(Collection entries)
(* There is an absolute constant $d$ such that the following holds. Let $N=A+B>0$ with integers $A\ge B\ge0$. Let $X\in\{0,1\}^N$ be chosen uniformly at random among all strings with exactly $A$ ones and $B$ zeros. Let $M$ be the (1-indexed) position of the $(\lfloor N/2\rfloor+1)$-st one in $X$ if $A>B$, and $M=N$ if $A=B$. Then for every $r\ge1$, $$\Pr_X\left[\,\left|M-\frac{N^2}{2A}\right|>d\sqrt{rN}\,\right]\le 2^{-r}.$$ *)

theory Defs
  imports "HOL-Probability.Probability"
begin

definition strings :: "nat \<Rightarrow> nat \<Rightarrow> bool list set" where
  "strings A B = {xs. length xs = A + B \<and> length (filter id xs) = A}"

definition one_positions :: "bool list \<Rightarrow> nat list" where
  "one_positions xs = map Suc (filter (\<lambda>i. xs ! i) [0..<length xs])"

definition Mpos :: "nat \<Rightarrow> nat \<Rightarrow> bool list \<Rightarrow> nat" where
  "Mpos A B xs = (if A > B then one_positions xs ! ((A + B) div 2) else A + B)"

end

theory Submission
  imports Defs
begin

text \<open>
  Identify a string with the set T of its one-positions, a uniformly random A-subset of the
  N = A + B positions. Then M \<le> m holds iff more than N div 2 of the first m positions carry a
  one, and the number of such ones is hypergeometric with mean m A / N, which is N / 2 exactly
  at m = N^2 / (2 A). So M deviates from N^2 / (2 A) by t only if the number of ones in a
  suitable prefix deviates from its mean by about t / 2. A Chernoff bound makes this
  exponentially unlikely: the exponential moment of a hypergeometric count is dominated by the
  binomial one, because T contains a fixed set J with probability at most (A / N)^|J|.
  Finally t = 16 sqrt (r N) gives probability at most 2 exp (-4 r) \<le> 2^(-r).
\<close>

definition k_subsets :: "'a set \<Rightarrow> nat \<Rightarrow> 'a set set" where
  "k_subsets U k = {T. T \<subseteq> U \<and> card T = k}"

lemma finite_k_subsets: "finite U \<Longrightarrow> finite (k_subsets U k)"
  unfolding k_subsets_def by (rule finite_subset[of _ "Pow U"]) auto

lemma card_k_subsets: "finite U \<Longrightarrow> card (k_subsets U k) = card U choose k"
  unfolding k_subsets_def by (rule n_subsets)

lemma card_k_subsets_superset:
  assumes U: "finite U" and J: "J \<subseteq> U" "card J \<le> k"
  shows "card {T \<in> k_subsets U k. J \<subseteq> T} = (card U - card J) choose (k - card J)"
proof -
  have fJ: "finite J" using J U finite_subset by blast
  have "bij_betw (\<lambda>T. T - J) {T \<in> k_subsets U k. J \<subseteq> T} (k_subsets (U - J) (k - card J))"
  proof (rule bij_betw_byWitness[where f' = "\<lambda>V. V \<union> J"])
    show "(\<lambda>T. T - J) ` {T \<in> k_subsets U k. J \<subseteq> T} \<subseteq> k_subsets (U - J) (k - card J)"
      using fJ by (auto simp: k_subsets_def card_Diff_subset)
    show "(\<lambda>V. V \<union> J) ` k_subsets (U - J) (k - card J) \<subseteq> {T \<in> k_subsets U k. J \<subseteq> T}"
    proof safe
      fix V assume V: "V \<in> k_subsets (U - J) (k - card J)"
      then have "card (V \<union> J) = card V + card J"
        using U fJ by (intro card_Un_disjoint) (auto simp: k_subsets_def intro: finite_subset)
      then show "V \<union> J \<in> k_subsets U k" using V J by (auto simp: k_subsets_def)
    qed
  qed (auto simp: k_subsets_def)
  then have "card {T \<in> k_subsets U k. J \<subseteq> T} = card (U - J) choose (k - card J)"
    using U by (simp add: bij_betw_same_card card_k_subsets)
  then show ?thesis using J fJ by (simp add: card_Diff_subset)
qed

lemma binomial_diff_mult_power_le:
  assumes "j \<le> k" "k \<le> n"
  shows "real ((n - j) choose (k - j)) * real n ^ j \<le> real (n choose k) * real k ^ j"
  using assms
proof (induction j)
  case 0
  then show ?case by simp
next
  case (Suc j)
  obtain a b where a: "k - j = Suc a" and b: "n - j = Suc b"
    using Suc.prems by (metis Suc_diff_le diff_Suc_Suc le_trans)
  have step: "real ((n - Suc j) choose (k - Suc j)) * real (n - j)
      = real ((n - j) choose (k - j)) * real (k - j)"
  proof -
    have "Suc a * (Suc b choose Suc a) = Suc b * (b choose a)" by (rule Suc_times_binomial)
    moreover have "n - Suc j = b" "k - Suc j = a" using a b by auto
    ultimately show ?thesis using a b by (metis of_nat_mult mult.commute)
  qed
  have ratio: "real (k - j) * real n \<le> real k * real (n - j)"
    using Suc.prems by (simp add: algebra_simps mult_left_mono)
  have "real ((n - Suc j) choose (k - Suc j)) * real n ^ Suc j * real (n - j)
      = real ((n - j) choose (k - j)) * real n ^ j * (real (k - j) * real n)"
    using step by (simp add: algebra_simps)
  also have "\<dots> \<le> real ((n - j) choose (k - j)) * real n ^ j * (real k * real (n - j))"
    by (intro mult_left_mono ratio) auto
  also have "\<dots> \<le> real (n choose k) * real k ^ j * (real k * real (n - j))"
    using Suc by (intro mult_right_mono) auto
  also have "\<dots> = real (n choose k) * real k ^ Suc j * real (n - j)" by simp
  finally show ?case using Suc.prems by simp
qed

lemma card_k_subsets_superset_le:
  assumes U: "finite U" and J: "J \<subseteq> U" and k: "k \<le> card U"
  shows "real (card {T \<in> k_subsets U k. J \<subseteq> T})
    \<le> real (card (k_subsets U k)) * (real k / real (card U)) ^ card J"
proof (cases "card J \<le> k")
  case True
  have "card J \<le> card U" using U J by (rule card_mono)
  have le: "real (card {T \<in> k_subsets U k. J \<subseteq> T}) * real (card U) ^ card J
      \<le> real (card (k_subsets U k)) * real k ^ card J"
    using card_k_subsets_superset[OF U J True] binomial_diff_mult_power_le[OF True k]
    by (simp add: card_k_subsets U)
  show ?thesis
  proof (cases "card U = 0")
    case False
    then show ?thesis using le by (simp add: power_divide pos_le_divide_eq)
  next
    case True
    then have "J = {}" using \<open>card J \<le> card U\<close> J U by (auto intro: finite_subset)
    then show ?thesis by simp
  qed
next
  case False
  have "{T \<in> k_subsets U k. J \<subseteq> T} = {}"
  proof safe
    fix T assume T: "T \<in> k_subsets U k" "J \<subseteq> T"
    then have "card J \<le> card T"
      using U by (intro card_mono) (auto simp: k_subsets_def intro: finite_subset)
    then show "T \<in> {}" using False T by (simp add: k_subsets_def)
  qed
  then show ?thesis by (simp only: card.empty of_nat_0) simp
qed

lemma power_card_eq_sum_Pow:
  fixes c :: "'a::comm_semiring_1"
  assumes "finite X"
  shows "(1 + c) ^ card X = (\<Sum>J\<in>Pow X. c ^ card J)"
  using prod_add[OF assms, of "\<lambda>_. c" "\<lambda>_. 1"] by (simp add: add.commute)

lemma sum_k_subsets_power_card_Int_le:
  fixes c :: real
  assumes c: "0 \<le> c" and U: "finite U" and I: "I \<subseteq> U" and k: "k \<le> card U"
  shows "(\<Sum>T\<in>k_subsets U k. (1 + c) ^ card (T \<inter> I))
    \<le> real (card (k_subsets U k)) * (1 + c * (real k / real (card U))) ^ card I"
proof -
  let ?S = "k_subsets U k"
  define p where "p = real k / real (card U)"
  have fI: "finite I" using I U finite_subset by blast
  have "(\<Sum>T\<in>?S. (1 + c) ^ card (T \<inter> I)) = (\<Sum>T\<in>?S. \<Sum>J\<in>Pow I. if J \<subseteq> T then c ^ card J else 0)"
  proof (rule sum.cong[OF refl])
    fix T
    have "(1 + c) ^ card (T \<inter> I) = (\<Sum>J\<in>Pow (T \<inter> I). c ^ card J)"
      using fI by (intro power_card_eq_sum_Pow) auto
    also have "Pow (T \<inter> I) = {J \<in> Pow I. J \<subseteq> T}" by auto
    also have "(\<Sum>J\<in>{J \<in> Pow I. J \<subseteq> T}. c ^ card J) = (\<Sum>J\<in>Pow I. if J \<subseteq> T then c ^ card J else 0)"
      using fI by (intro sum.inter_filter) auto
    finally show "(1 + c) ^ card (T \<inter> I) = (\<Sum>J\<in>Pow I. if J \<subseteq> T then c ^ card J else 0)" .
  qed
  also have "\<dots> = (\<Sum>J\<in>Pow I. \<Sum>T\<in>?S. if J \<subseteq> T then c ^ card J else 0)"
    by (rule sum.swap)
  also have "\<dots> = (\<Sum>J\<in>Pow I. c ^ card J * real (card {T \<in> ?S. J \<subseteq> T}))"
    using finite_k_subsets[OF U] by (simp add: sum.inter_filter[symmetric] mult.commute)
  also have "\<dots> \<le> (\<Sum>J\<in>Pow I. c ^ card J * (real (card ?S) * p ^ card J))"
    using I c unfolding p_def by (intro sum_mono mult_left_mono card_k_subsets_superset_le[OF U _ k]) auto
  also have "\<dots> = real (card ?S) * (\<Sum>J\<in>Pow I. (c * p) ^ card J)"
    unfolding sum_distrib_left by (intro sum.cong refl) (simp add: power_mult_distrib)
  also have "\<dots> = real (card ?S) * (1 + c * p) ^ card I"
    by (simp only: power_card_eq_sum_Pow[OF fI])
  finally show ?thesis unfolding p_def .
qed

lemma card_k_subsets_exp_moment:
  fixes l x :: real
  assumes U: "finite U" and I: "I \<subseteq> U" and k: "k \<le> card U" and l: "0 \<le> l"
  shows "real (card {T \<in> k_subsets U k. x \<le> real (card (T \<inter> I))}) * exp (l * x)
    \<le> real (card (k_subsets U k)) * exp ((exp l - 1) * (real (card I) * (real k / real (card U))))"
proof -
  define c where "c = exp l - 1"
  define p where "p = real k / real (card U)"
  let ?K = "k_subsets U k"
  let ?E = "{T \<in> ?K. x \<le> real (card (T \<inter> I))}"
  have c: "0 \<le> c" using l by (simp add: c_def)
  have "real (card ?E) * exp (l * x) = (\<Sum>T\<in>?E. exp (l * x))" by simp
  also have "\<dots> \<le> (\<Sum>T\<in>?E. (1 + c) ^ card (T \<inter> I))"
  proof (rule sum_mono)
    fix T assume "T \<in> ?E"
    then have "exp (l * x) \<le> exp (l * real (card (T \<inter> I)))"
      using l by (auto intro: mult_left_mono)
    also have "\<dots> = (1 + c) ^ card (T \<inter> I)"
      by (simp add: c_def exp_of_nat_mult[symmetric] mult.commute)
    finally show "exp (l * x) \<le> (1 + c) ^ card (T \<inter> I)" .
  qed
  also have "\<dots> \<le> (\<Sum>T\<in>?K. (1 + c) ^ card (T \<inter> I))"
    using finite_k_subsets[OF U] c by (intro sum_mono2) auto
  also have "\<dots> \<le> real (card ?K) * (1 + c * p) ^ card I"
    unfolding p_def by (rule sum_k_subsets_power_card_Int_le[OF c U I k])
  also have "\<dots> \<le> real (card ?K) * exp (c * p * real (card I))"
  proof (rule mult_left_mono)
    have "(1 + c * p) ^ card I \<le> exp (c * p) ^ card I"
      using c by (intro power_mono) (auto simp: p_def exp_ge_add_one_self add.commute)
    then show "(1 + c * p) ^ card I \<le> exp (c * p * real (card I))"
      by (simp add: exp_of_nat_mult[symmetric] mult.commute)
  qed simp
  finally show ?thesis by (simp add: c_def p_def mult_ac)
qed
definition degree_vec :: "real mat \<Rightarrow> real vec" where
  "degree_vec A = A *\<^sub>v ones_vec (dim_row A)"

definition diag_of :: "real vec \<Rightarrow> real mat" where
  "diag_of d = mat (dim_vec d) (dim_vec d) (\<lambda>(k,l). if k = l then d $ k else 0)"

definition outer :: "real vec \<Rightarrow> real vec \<Rightarrow> real mat" where
  "outer u w = mat (dim_vec u) (dim_vec w) (\<lambda>(k,l). u $ k * w $ l)"

definition norm1 :: "real vec \<Rightarrow> real" where
  "norm1 d = (\<Sum>k<dim_vec d. \<bar>d $ k\<bar>)"

(* graph adjacency: k ~ l iff k <> l and a_kl > 0 (loops are irrelevant for connectivity) *)
definition adj_rel :: "real mat \<Rightarrow> nat \<Rightarrow> nat \<Rightarrow> bool" where
  "adj_rel A k l = (k < dim_row A \<and> l < dim_row A \<and> k \<noteq> l \<and> A $$ (k,l) > 0)"

definition graph_connected :: "real mat \<Rightarrow> bool" where
  "graph_connected A = (\<forall>k<dim_row A. \<forall>l<dim_row A. (adj_rel A)\<^sup>*\<^sup>* k l)"

definition delete_edge :: "real mat \<Rightarrow> nat \<Rightarrow> nat \<Rightarrow> real mat" where
  "delete_edge A i j = mat (dim_row A) (dim_col A)
     (\<lambda>(k,l). if (k = i \<and> l = j) \<or> (k = j \<and> l = i) then 0 else A $$ (k,l))"

definition is_cut_edge :: "real mat \<Rightarrow> nat \<Rightarrow> nat \<Rightarrow> bool" where
  "is_cut_edge A i j = (\<not> graph_connected (delete_edge A i j))"

(* Kemeny constant via eigenvalues: eigenvalues (with multiplicity) are the roots of
   the characteristic polynomial over C; remove one copy of lambda_1 = 1 and sum
   1/(1 - lambda_l). *)
definition eigenvalue_list :: "real mat \<Rightarrow> complex list" where
  "eigenvalue_list Q = (SOME as. char_poly (map_mat complex_of_real Q) = (\<Prod>a\<leftarrow>as. [:- a, 1:]))"

definition kemeny :: "real mat \<Rightarrow> complex" where
  "kemeny Q = (\<Sum>z\<leftarrow>remove1 1 (eigenvalue_list Q). 1 / (1 - z))"

definition sym_pos_def :: "real mat \<Rightarrow> bool" where
  "sym_pos_def S = (S \<in> carrier_mat (dim_row S) (dim_row S) \<and> S\<^sup>T = S \<and>
     (\<forall>x \<in> carrier_vec (dim_row S). x \<noteq> 0\<^sub>v (dim_row S) \<longrightarrow> x \<bullet> (S *\<^sub>v x) > 0))"

end

theory Submission
  imports Defs "Jordan_Normal_Form.Schur_Decomposition"
begin

(*
  Write P = D^-1 A and w = d / ||d||_1, so that S = D (I - P + 1 w^T). Since P 1 = 1 and
  w^T 1 = 1, triangularizing P with the all-ones vector as first basis vector shows that
  I - P + 1 w^T has the eigenvalues 1 and 1 - lambda_l (l >= 2); hence
  K(P) = tr((I - P + 1 w^T)^-1) - 1 = tr(S^-1 D) - 1.
  S is positive definite because x^T S x = 1/2 sum_kl a_kl (x_k - x_l)^2 + (d^T x)^2 / ||d||_1
  and G is connected. The matrix Ahat moves the weight of e onto loops at i and j: it has the
  same degrees, its regularized Laplacian is Shat = S - a_ij v v^T, and Shat is positive
  definite because G - e is connected. With x = S^-1 v one gets
  x^T Shat x = (x_i - x_j)(1 - alpha), so alpha <> 1, and Sherman-Morrison gives
  Shat^-1 = S^-1 + a_ij / (1 - alpha) x x^T. The Kemeny constants therefore differ by
  tr(a_ij / (1 - alpha) x x^T D) = beta / (1 - alpha).
*)

lemma index_mult_mat_sum:
  assumes "X \<in> carrier_mat n m" "Y \<in> carrier_mat m p" "k < n" "l < p"
  shows "(X * Y) $$ (k,l) = (\<Sum>r<m. X $$ (k,r) * Y $$ (r,l))"
  using assms by (simp add: scalar_prod_def atLeast0LessThan)

lemma index_mult_mat_vec_sum:
  assumes "X \<in> carrier_mat n m" "y \<in> carrier_vec m" "k < n"
  shows "(X *\<^sub>v y) $ k = (\<Sum>l<m. X $$ (k,l) * y $ l)"
  using assms by (simp add: scalar_prod_def atLeast0LessThan)

lemma scalar_prod_sum:
  assumes "y \<in> carrier_vec n"
  shows "x \<bullet> y = (\<Sum>k<n. x $ k * y $ k)"
  using assms by (simp add: scalar_prod_def atLeast0LessThan)

lemma symmetric_mat_index:
  assumes "B \<in> carrier_mat n n" "B\<^sup>T = B" "k < n" "l < n"
  shows "B $$ (k,l) = B $$ (l,k)"
  using assms by (metis carrier_matD index_transpose_mat(1))
lemma subspace_frac_grad_image:
  assumes "x0 \<notin> U"
  shows "subspace ((\<lambda>\<phi>. frac_grad s \<phi> x0) ` Cc_inf U)"
  unfolding subspace_def
proof (intro conjI ballI allI)
  have "0 = frac_grad s (\<lambda>_. 0) x0"
    by (simp add: frac_grad_def)
  then show "0 \<in> (\<lambda>\<phi>. frac_grad s \<phi> x0) ` Cc_inf U"
    using Cc_inf_zero by (rule image_eqI)
next
  fix u v
  assume "u \<in> (\<lambda>\<phi>. frac_grad s \<phi> x0) ` Cc_inf U" "v \<in> (\<lambda>\<phi>. frac_grad s \<phi> x0) ` Cc_inf U"
  then obtain \<phi> \<psi> where \<phi>: "\<phi> \<in> Cc_inf U" "u = frac_grad s \<phi> x0"
    and \<psi>: "\<psi> \<in> Cc_inf U" "v = frac_grad s \<psi> x0"
    by blast
  then have "u + v = frac_grad s (\<lambda>y. \<phi> y + \<psi> y) x0"
    by (simp add: frac_grad_add[OF _ _ assms])
  then show "u + v \<in> (\<lambda>\<phi>. frac_grad s \<phi> x0) ` Cc_inf U"
    using Cc_inf_add[OF \<phi>(1) \<psi>(1)] by (rule image_eqI)
next
  fix a :: real and u
  assume "u \<in> (\<lambda>\<phi>. frac_grad s \<phi> x0) ` Cc_inf U"
  then obtain \<phi> where \<phi>: "\<phi> \<in> Cc_inf U" "u = frac_grad s \<phi> x0"
    by blast
  then have "a *\<^sub>R u = frac_grad s (\<lambda>y. a * \<phi> y) x0"
    by (simp add: frac_grad_cmult)
  then show "a *\<^sub>R u \<in> (\<lambda>\<phi>. frac_grad s \<phi> x0) ` Cc_inf U"
    using Cc_inf_cmult[OF \<phi>(1)] by (rule image_eqI)
qed

lemma inner_frac_grad_outside_support:
  fixes \<phi> :: "'a::euclidean_space \<Rightarrow> real" and e :: 'a and s :: real
  assumes "\<phi> \<in> Cc_inf U" "x0 \<notin> U"
  defines "f \<equiv> \<lambda>y. \<phi> y * (e \<bullet> (x0 - y)) / norm (x0 - y) powr (real DIM('a) + s + 1)"
  shows "integrable lborel f" "e \<bullet> frac_grad s \<phi> x0 = - mu_s s DIM('a) * integral\<^sup>L lborel f"
proof -
  define G where "G y = ((\<phi> x0 - \<phi> y) / norm (x0 - y) powr (real DIM('a) + s + 1)) *\<^sub>R (x0 - y)"
    for y
  have "\<phi> x0 = 0"
    using assms(1,2) notin_tsupport_imp_eq_0 by (auto simp: Cc_inf_def)
  then have f_eq: "f = (\<lambda>y. - (e \<bullet> G y))"
    by (auto simp: f_def G_def fun_eq_iff)
  have int_G: "integrable lborel G"
    unfolding G_def using integrable_frac_grad_integrand[OF assms(1,2)] .
  then show "integrable lborel f"
    unfolding f_eq by (intro integrable_minus integrable_inner_right)
  have "frac_grad s \<phi> x0 = mu_s s DIM('a) *\<^sub>R integral\<^sup>L lborel G"
    by (simp add: frac_grad_def G_def[abs_def])
  moreover have "integral\<^sup>L lborel f = - (e \<bullet> integral\<^sup>L lborel G)"
    using int_G by (simp add: f_eq)
  ultimately show "e \<bullet> frac_grad s \<phi> x0 = - mu_s s DIM('a) * integral\<^sup>L lborel f"
    by simp
qed
lemma mean_hard_seller_le: "(\<integral>s. s \<partial>hard_seller a d) \<le> 1 - a + d"
proof -
  interpret prob_space unit_uniform by (rule prob_space_unit_uniform)
  have ind: "integrable unit_uniform (indicator {a<..} :: real \<Rightarrow> real)"
    by (intro integrable_real_indicator) (auto simp: less_top[symmetric])
  have "(\<integral>s. s \<partial>hard_seller a d) \<le> (\<integral>v. d + indicator {a<..} v \<partial>unit_uniform)"
    unfolding integral_hard_seller[of "\<lambda>s. s", OF measurable_ident_sets[OF refl]]
  proof (rule integral_mono_AE')
    show "integrable unit_uniform (\<lambda>v. d + indicator {a<..} v)" using ind by simp
    show "AE v in unit_uniform. hard_seller_value a d v \<le> d + indicator {a<..} v"
      using AE_unit_uniform hard_seller_value_bounds(2) by (auto elim: eventually_mono)
    show "AE v in unit_uniform. 0 \<le> d + (indicator {a<..} v :: real)"
      using d by auto
  qed
  also have "\<dots> = d + measure unit_uniform {a<..}"
    using ind prob_space by simp
  also have "measure unit_uniform {a<..} = 1 - a"
  proof -
    have "{0..1} \<inter> {a<..} = {a<..1}" using a by auto
    then show ?thesis using a by (simp add: measure_unit_uniform)
  qed
  finally show ?thesis by simp
qed

lemma cdf_hard_seller_linear: "0 \<le> u \<Longrightarrow> u \<le> a \<Longrightarrow> cdf (hard_seller a d) (d * u / a) = u"
proof -
  assume u: "0 \<le> u" "u \<le> a"
  have "{0..1} \<inter> {v. hard_seller_value a d v \<le> d * u / a} = {0..u}"
  proof (intro equalityI subsetI)
    fix v assume v: "v \<in> {0..1} \<inter> {v. hard_seller_value a d v \<le> d * u / a}"
    have "d * u / a \<le> d * 1" using a d u by (simp add: divide_le_eq mult_left_mono)
    then have "v \<le> a" using v d by (auto simp: hard_seller_value_def split: if_splits)
    then have "d * v / a \<le> d * u / a" using v by (simp add: hard_seller_value_def)
    then show "v \<in> {0..u}" using v a d by (simp add: divide_le_eq)
  next
    fix v assume "v \<in> {0..u}"
    then show "v \<in> {0..1} \<inter> {v. hard_seller_value a d v \<le> d * u / a}"
      using a d u by (auto simp: hard_seller_value_def divide_right_mono mult_left_mono)
  qed
  then show ?thesis using a u by (simp add: cdf_hard_seller)
qed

* **EXERCISE GOAL**: Among the entries above, copy exactly only the lines starting with the one containing "then show ?case by simp" and going through the one containing "j)) * real (n - j)", both ends included.

* **EXERCISE ANSWER**:
  then show ?case by simp
next
  case (Suc j)
  obtain a b where a: "k - j = Suc a" and b: "n - j = Suc b"
    using Suc.prems by (metis Suc_diff_le diff_Suc_Suc le_trans)
  have step: "real ((n - Suc j) choose (k - Suc j)) * real (n - j)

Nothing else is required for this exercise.